Monday, March 1, 2010

Still


I am hoping to one day be trusted. I can't seem to get it right with really... anyone. It makes me want to run far away and not look back. It is hard to leave when there is love. Not that I want to leave. I just want harmony, peace and love.

Is it better to leave when there is still love?

I have said this numerous times. I am still unforgiven and untrusted. Unforgiven of the past and untrusted of the future. Rarely am I in the now of being here.

Freedom would benefit this as much as the choice just to be. I wish to break free of what I will always be accused of. The accusation of being the enemy breaks my spirit and opens wounds you have never seen in me.

It has been over a year since you felt us moving forward. Just another reminder that I fail over and over and my faults are the ties that keep us nowhere.

Relationships take work and require change. And trust. And acceptance. And desire. There is so much work to do. At times, why really try? I do it wrong anyway.

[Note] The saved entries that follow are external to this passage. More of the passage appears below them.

theorem mainTheorem10:
  fixes Q1 :: "nat topology \<Rightarrow> nat set set"
    and Q2 :: "nat set topology \<Rightarrow> nat set set set"
  assumes "K_subset_system2 Q1 Q2"
  shows "one_d_special natScott \<and> one_wf_special natScott
       \<and> (Dbar natScott = KFbar natScott
          \<and> Dspace natScott = Kspace Q1 natScott \<and> Kspace Q1 natScott = KFspace natScott)
       \<and> one_k_special Q1 Q2 natScott"
proof -
  have "ksys_sandwich Q1" "ksys_sandwich Q2"
    using assms unfolding K_subset_system2_def by auto
  then have Q1: "Qpt natScott \<subseteq> Q1 natScott \<and> Q1 natScott \<subseteq> Qset natScott"
    and Q2: "Qpt (Dspace natScott) \<subseteq> Q2 (Dspace natScott)
             \<and> Q2 (Dspace natScott) \<subseteq> Qset (Dspace natScott)"
    using t0_space_natScott t0_space_Kspace[of Qpt natScott]
    unfolding ksys_sandwich_def Dspace_def by blast+
  then have "Q1 natScott = Qpt natScott" "Qset natScott = Qpt natScott"
    using Qset_natScott by auto
  then have K: "Kspace Q1 natScott = Dspace natScott" "KFspace natScott = Dspace natScott"
    unfolding KFspace_def Dspace_def by (auto intro: Kspace_cong)
  have not_homeo: "\<not> natScott homeomorphic_space Dspace natScott"
    using has_greatest_homeomorphic has_greatest_Dspace_natScott no_greatest_natScott by blast
  have "Dspace natScott homeomorphic_space Dspace (Dspace natScott)"
    unfolding Dspace_def[of "Dspace natScott"]
    by (rule homeomorphic_space_Kspace_Dspace_natScott) simp
  moreover have "Dspace natScott homeomorphic_space KFspace (Dspace natScott)"
    unfolding KFspace_def[of "Dspace natScott"]
    using Q2 by (intro homeomorphic_space_Kspace_Dspace_natScott) blast
  moreover have "Dspace natScott homeomorphic_space Kspace Q2 (Dspace natScott)"
    using Q2 by (intro homeomorphic_space_Kspace_Dspace_natScott) blast
  moreover have "Dbar natScott = KFbar natScott"
    using Dbar_natScott KFbar_natScott Q1 by auto
  ultimately show ?thesis
    unfolding one_d_special_def one_wf_special_def one_k_special_def K
    using not_homeo no_greatest_natScott has_greatest_Dspace_natScott by simp
qed

end
(*
  For a pure state rho = |psi><psi| one has rho^(1/2) = rho and
  rho^(1/2) sigma rho^(1/2) = <psi|sigma|psi> rho, hence F(rho, sigma) = <psi|sigma|psi>
  (fidelity_pure).  This needs uniqueness of positive semidefinite square roots of 2x2
  matrices (psd_sqrt_unique), which is proved entrywise.  For sigma the dephasing of rho in
  an orthonormal basis {u, v} this gives F = |<u|psi>|^4 + |<v|psi>|^4 = g(|<u|psi>|^2) with
  g(a) = a^2 + (1-a)^2, by completeness |<u|psi>|^2 + |<v|psi>|^2 = 1 of an orthonormal
  basis of C^2 (fidelity_dephased_pure).  So the value of the ensemble E(p) in the basis {u, v}
  is p g(a) + (1-p) g(b) with a = |<u|0>|^2 and b = |<u|+>|^2 (ensemble_value).  These two
  coordinates of the Bloch vector of u satisfy (a - 1/2)^2 + (b - 1/2)^2 <= 1/4 (bloch_disc),
  and under this constraint the value is at most 3/4 + |2p-1|/4 (value_bound).  The bound is
  attained by the computational basis if p >= 1/2 and by the Hadamard basis if p <= 1/2, so
  it is the maximum defining the ECCC (ECCC_ensE).
*)

text \<open>Entrywise descriptions of the operations on C^2 and 2x2 matrices; the index type 2
  has the two elements 1 and 2 (= 0).\<close>
lemma two_ne_one [simp]: "(2::2) \<noteq> 1" "(1::2) \<noteq> 2"
  by auto

lemma zero_eq_two [simp]: "(0::2) = 2"
  by simp

lemma mat_eq2: "(A::'a^2^2) = B \<longleftrightarrow> A$1$1 = B$1$1 \<and> A$1$2 = B$1$2 \<and> A$2$1 = B$2$1 \<and> A$2$2 = B$2$2"
  by (auto simp: vec_eq_iff forall_2)

lemma mmult2: "((A::complex^2^2) ** B)$i$j = A$i$1*B$1$j + A$i$2*B$2$j"
  by (simp add: matrix_matrix_mult_def sum_2)

lemma mvmult2: "((A::complex^2^2) *v x)$i = A$i$1*x$1 + A$i$2*x$2"
  by (simp add: matrix_vector_mult_def sum_2)

lemma cinner2: "cinner u v = cnj (u$1) * v$1 + cnj (u$2) * v$2"
  by (simp add: cinner_def sum_2)

lemma mtrace2: "mtrace A = A$1$1 + A$2$2"
  by (simp add: mtrace_def sum_2)

lemma scaleR_mat2: "((s::real) *\<^sub>R (A::qmat))$i$j = s *\<^sub>R A$i$j"
  by simp

lemma scaleR_complex: "(s::real) *\<^sub>R (z::complex) = of_real s * z"
  by (simp add: scaleR_conv_of_real)

lemma cnj_mult_self: "cnj z * z = (complex_of_real (cmod z))^2" "z * cnj z = (complex_of_real (cmod z))^2"
  using complex_norm_square[of z] by (simp_all add: mult.commute)

text \<open>Transition probabilities are symmetric: <v|u> is the conjugate of <u|v>.\<close>
lemma cmod_cinner_swap: "cmod (cinner v u) = cmod (cinner u v)"
proof -
  have "cinner v u = cnj (cinner u v)"
    by (simp add: cinner2 mult.commute)
  then show ?thesis by simp
qed

definition vec2 :: "complex \<Rightarrow> complex \<Rightarrow> qvec" where
  "vec2 x y = (\<chi> i. if i = 1 then x else y)"

lemma vec2_comp [simp]: "vec2 x y $ 1 = x" "vec2 x y $ 2 = y"
  by (auto simp: vec2_def)

section \<open>Positive semidefinite 2x2 matrices and their square roots\<close>

text \<open>A PSD 2x2 matrix has the shape [[a, b], [cnj b, d]] with a, d \<ge> 0 and |b|^2 \<le> a d.
  The inequalities come from testing the quadratic form on suitable vectors.\<close>
lemma psd_2x2_shape:
  assumes "psd B"
  obtains a d :: real and b :: complex
  where "B$1$1 = of_real a" "B$2$2 = of_real d" "B$1$2 = b" "B$2$1 = cnj b"
    and "0 \<le> a" "0 \<le> d" "(cmod b)^2 \<le> a * d"
proof -
  have herm: "B$i$j = cnj (B$j$i)" for i j
  proof -
    have "adjointm B $ i $ j = B $ i $ j"
      using assms unfolding psd_def by simp
    then show ?thesis by (simp add: adjointm_def)
  qed
  have form: "0 \<le> Re (cinner x (B *v x))" for x
    using assms unfolding psd_def by blast
  define a d b where "a = Re (B$1$1)" and "d = Re (B$2$2)" and "b = B$1$2"
  have B: "B$1$1 = of_real a" "B$2$2 = of_real d" "B$1$2 = b" "B$2$1 = cnj b"
    using arg_cong[OF herm[of 1 1], of Im] arg_cong[OF herm[of 2 2], of Im] herm[of 2 1]
    by (simp_all add: a_def d_def b_def complex_eq_iff)
  have a0: "0 \<le> a"
    using form[of "vec2 1 0"] by (simp add: cinner2 mvmult2 B)
  have d0: "0 \<le> d"
    using form[of "vec2 0 1"] by (simp add: cinner2 mvmult2 B)
  have "(cmod b)^2 \<le> a * d"
  proof (cases "a = 0")
    case False
    have "cinner (vec2 (-b) a) (B *v vec2 (-b) a) = of_real (a * (a*d - (cmod b)^2))"
      by (simp add: cinner2 mvmult2 B cnj_mult_self)
    then have "0 \<le> a * (a*d - (cmod b)^2)"
      using form[of "vec2 (-b) a"] by simp
    then show ?thesis
      using False a0 by (simp add: zero_le_mult_iff)
  next
    case True
    have "cinner (vec2 (d + 1) (- cnj b)) (B *v vec2 (d + 1) (- cnj b))
        = - (of_real d + 2) * (cnj b * b)"
      by (simp add: cinner2 mvmult2 B True algebra_simps)
    then have "0 \<le> - (d + 2) * (cmod b)^2"
      using form[of "vec2 (d + 1) (- cnj b)"] by (simp add: cnj_mult_self)
    moreover have "0 \<le> (d + 2) * (cmod b)^2"
      using d0 by simp
    ultimately have "(d + 2) * (cmod b)^2 = 0"
      by linarith
    then show ?thesis
      using True d0 by (auto simp: mult_eq_0_iff)
  qed
  then show thesis
    using that B a0 d0 by blast
qed

text \<open>Scalar core of the uniqueness of PSD square roots: the data (a, d, b) of a PSD matrix
  is determined by the entries a^2 + |b|^2, d^2 + |b|^2, (a + d) b of its square.
  The determinant a d - |b|^2 and the trace a + d are recovered first.\<close>
lemma psd_data_from_square:
  fixes a d a' d' :: real and b b' :: complex
  assumes a0: "a \<ge> 0" and d0: "d \<ge> 0" and n0: "(cmod b)^2 \<le> a*d"
    and a0': "a' \<ge> 0" and d0': "d' \<ge> 0" and n0': "(cmod b')^2 \<le> a'*d'"
    and e1: "a^2 + (cmod b)^2 = a'^2 + (cmod b')^2"
    and e2: "d^2 + (cmod b)^2 = d'^2 + (cmod b')^2"
    and e3: "complex_of_real (a+d) * b = complex_of_real (a'+d') * b'"
  shows "a = a' \<and> d = d' \<and> b = b'"
proof -
  define n n' where "n = (cmod b)^2" and "n' = (cmod b')^2"
  have "\<bar>a+d\<bar> * cmod b = \<bar>a'+d'\<bar> * cmod b'"
    using arg_cong[OF e3, of cmod] by (simp only: norm_mult norm_of_real)
  then have "(a+d) * cmod b = (a'+d') * cmod b'"
    using a0 d0 a0' d0' by simp
  then have e3': "(a+d)^2 * n = (a'+d')^2 * n'"
    unfolding n_def n'_def by (metis power_mult_distrib)
  have "(a*d - n)^2 = (a^2+n)*(d^2+n) - (a+d)^2*n"
    and "(a'*d' - n')^2 = (a'^2+n')*(d'^2+n') - (a'+d')^2*n'"
    by (simp_all add: power2_eq_square algebra_simps)
  then have "(a*d - n)^2 = (a'*d' - n')^2"
    using e1 e2 e3' n_def n'_def by simp
  then have det: "a*d - n = a'*d' - n'"
    using n0 n0' n_def n'_def power2_eq_iff_nonneg by (metis diff_ge_0_iff_ge)
  have "(a+d)^2 = (a^2+n) + (d^2+n) + 2*(a*d-n)"
    and "(a'+d')^2 = (a'^2+n') + (d'^2+n') + 2*(a'*d'-n')"
    by (simp_all add: power2_eq_square algebra_simps)
  then have "(a+d)^2 = (a'+d')^2"
    using e1 e2 det n_def n'_def by simp
  then have tr: "a + d = a' + d'"
    using a0 d0 a0' d0' power2_eq_iff_nonneg by (metis add_nonneg_nonneg)
  show ?thesis
  proof (cases "a + d = 0")
    case True
    then have "a = 0" "d = 0" "a' = 0" "d' = 0" using a0 d0 a0' d0' tr by auto
    then show ?thesis using n0 n0' by simp
  next
    case False
    then have "b = b'"
      using e3 tr by (metis mult_cancel_left of_real_eq_0_iff)
    then have "a^2 = a'^2" "d^2 = d'^2" using e1 e2 by auto
    then show ?thesis
      using \<open>b = b'\<close> a0 d0 a0' d0' power2_eq_iff_nonneg by blast
  qed
qed

lemma square_2x2_hermitian:
  fixes B :: qmat
  assumes "B$1$1 = of_real a" "B$2$2 = of_real d" "B$1$2 = b" "B$2$1 = cnj b"
  shows "(B**B)$1$1 = of_real (a^2 + (cmod b)^2)" "(B**B)$2$2 = of_real (d^2 + (cmod b)^2)"
    "(B**B)$1$2 = of_real (a + d) * b"
  using assms by (simp_all add: mmult2 cnj_mult_self power2_eq_square algebra_simps)

lemma psd_sqrt_unique:
  assumes B: "psd B" and C: "psd C" and e: "B ** B = C ** C"
  shows "B = C"
proof -
  obtain a d b where B': "B$1$1 = of_real a" "B$2$2 = of_real d" "B$1$2 = b" "B$2$1 = cnj b"
    and pB: "0 \<le> a" "0 \<le> d" "(cmod b)^2 \<le> a * d"
    using psd_2x2_shape[OF B] by blast
  obtain a' d' b' where C': "C$1$1 = of_real a'" "C$2$2 = of_real d'" "C$1$2 = b'" "C$2$1 = cnj b'"
    and pC: "0 \<le> a'" "0 \<le> d'" "(cmod b')^2 \<le> a' * d'"
    using psd_2x2_shape[OF C] by blast
  note sqB = square_2x2_hermitian[OF B'] and sqC = square_2x2_hermitian[OF C']
  have "a = a' \<and> d = d' \<and> b = b'"
  proof (rule psd_data_from_square[OF pB pC])
    show "a^2 + (cmod b)^2 = a'^2 + (cmod b')^2"
      using sqB(1) sqC(1) e by (metis of_real_eq_iff)
    show "d^2 + (cmod b)^2 = d'^2 + (cmod b')^2"
      using sqB(2) sqC(2) e by (metis of_real_eq_iff)
    show "of_real (a + d) * b = of_real (a' + d') * b'"
      using sqB(3) sqC(3) e by metis
  qed
  then show ?thesis
    unfolding mat_eq2 using B' C' by simp
qed

lemma msqrt_eq:
  assumes "psd B" and "B ** B = M"
  shows "msqrt M = B"
  unfolding msqrt_def using assms psd_sqrt_unique by (intro the_equality) auto

section \<open>Fidelity with a pure state\<close>

text \<open>t |psi><psi| is PSD for t \<ge> 0, its quadratic form being t |<psi|v>|^2.\<close>
lemma psd_scaled_projector:
  assumes "t \<ge> 0"
  shows "psd (t *\<^sub>R outer \<psi> \<psi>)"
proof -
  have "adjointm (t *\<^sub>R outer \<psi> \<psi>) = t *\<^sub>R outer \<psi> \<psi>"
    by (simp add: mat_eq2 adjointm_def scaleR_mat2 scaleR_complex outer_def mult.commute)
  moreover have "cinner v ((t *\<^sub>R outer \<psi> \<psi>) *v v) = of_real t * (cnj (cinner \<psi> v) * cinner \<psi> v)" for v
    by (simp add: cinner2 mvmult2 scaleR_mat2 scaleR_complex outer_def algebra_simps)
  ultimately show ?thesis
    using assms unfolding psd_def cnj_mult_self by simp
qed

lemma projector_idem:
  assumes "cinner \<psi> \<psi> = 1"
  shows "outer \<psi> \<psi> ** outer \<psi> \<psi> = outer \<psi> \<psi>"
proof -
  have "(outer \<psi> \<psi> ** outer \<psi> \<psi>)$i$j = \<psi>$i * cnj (\<psi>$j) * cinner \<psi> \<psi>" for i j
    by (simp add: mmult2 cinner2 outer_def algebra_simps)
  then show ?thesis
    using assms by (simp add: mat_eq2 outer_def)
qed

lemma projector_sandwich:
  assumes "cinner \<psi> (\<sigma> *v \<psi>) = of_real r"
  shows "outer \<psi> \<psi> ** \<sigma> ** outer \<psi> \<psi> = r *\<^sub>R outer \<psi> \<psi>"
proof -
  have "(outer \<psi> \<psi> ** \<sigma> ** outer \<psi> \<psi>)$i$j = \<psi>$i * cnj (\<psi>$j) * cinner \<psi> (\<sigma> *v \<psi>)" for i j
    by (simp add: mmult2 mvmult2 cinner2 outer_def algebra_simps)
  then show ?thesis
    unfolding assms by (simp add: mat_eq2 outer_def scaleR_mat2 scaleR_complex mult.commute)
qed

lemma scaleR_matrix_mult:
  "((s::real) *\<^sub>R (A::qmat)) ** (t *\<^sub>R B) = (s * t) *\<^sub>R (A ** B)"
  by (simp add: vec_eq_iff mmult2 scaleR_complex algebra_simps)

lemma fidelity_pure:
  assumes unit: "cinner \<psi> \<psi> = 1" and r: "cinner \<psi> (\<sigma> *v \<psi>) = of_real r" and r0: "0 \<le> r"
  shows "fidelity (outer \<psi> \<psi>) \<sigma> = r"
proof -
  have sqrt_proj: "msqrt (outer \<psi> \<psi>) = outer \<psi> \<psi>"
    using msqrt_eq[OF psd_scaled_projector[of 1 \<psi>]] projector_idem[OF unit] by simp
  have sqrt_sandwich: "msqrt (r *\<^sub>R outer \<psi> \<psi>) = sqrt r *\<^sub>R outer \<psi> \<psi>"
    using msqrt_eq[OF psd_scaled_projector] r0
    by (simp add: scaleR_matrix_mult projector_idem[OF unit])
  have "mtrace (sqrt r *\<^sub>R outer \<psi> \<psi>) = of_real (sqrt r) * cinner \<psi> \<psi>"
    by (simp add: mtrace2 cinner2 scaleR_mat2 scaleR_complex outer_def algebra_simps)
  then show ?thesis
    unfolding fidelity_def sqrt_proj projector_sandwich[OF r] sqrt_sandwich using unit r0 by simp
qed

lemma unit_coordinates:
  assumes "cinner u u = 1"
  shows "(cmod (u$1))^2 + (cmod (u$2))^2 = 1"
proof -
  have "cinner u u = of_real ((cmod (u$1))^2 + (cmod (u$2))^2)"
    by (simp add: cinner2 cnj_mult_self)
  then show ?thesis
    using assms by (metis of_real_1 of_real_eq_iff)
qed

text \<open>If the rows (x, y), (z, w) of squared moduli of an orthonormal pair have unit sums and
  x z = y w (orthogonality), then the columns have unit sums as well.\<close>
lemma squared_moduli_columns:
  fixes x y z w :: real
  assumes "x + y = 1" "z + w = 1" "x * z = y * w"
  shows "x + z = 1"
proof -
  have "x * z = (1 - x) * (1 - z)"
    using assms by (metis add_diff_cancel_left')
  then show ?thesis by (simp add: algebra_simps)
qed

They say relationships are what we need in life to learn our lessons. When is it time to let go and move on together or seperately. I try to be logical...

I'm tired.

1 comment:

Memphis said...

I don't believe anyone can answer this question. I went through hell and back again and very nearly didn't make it. Today things have improved dramatically, but along the way I've lost some friends whom I thought were good friends. I suffered more than I thought I could bare and will probably never feel quite the same way again, towards her and a lot of people. Unfortunately, commitment is the only way anyone ever grows old together. It's a gamble to stick it out when your heart feels as if it is being constantly ripped from your chest and carved into pieces. You're gambling that one day things will get better again. But there is only so much a person can take.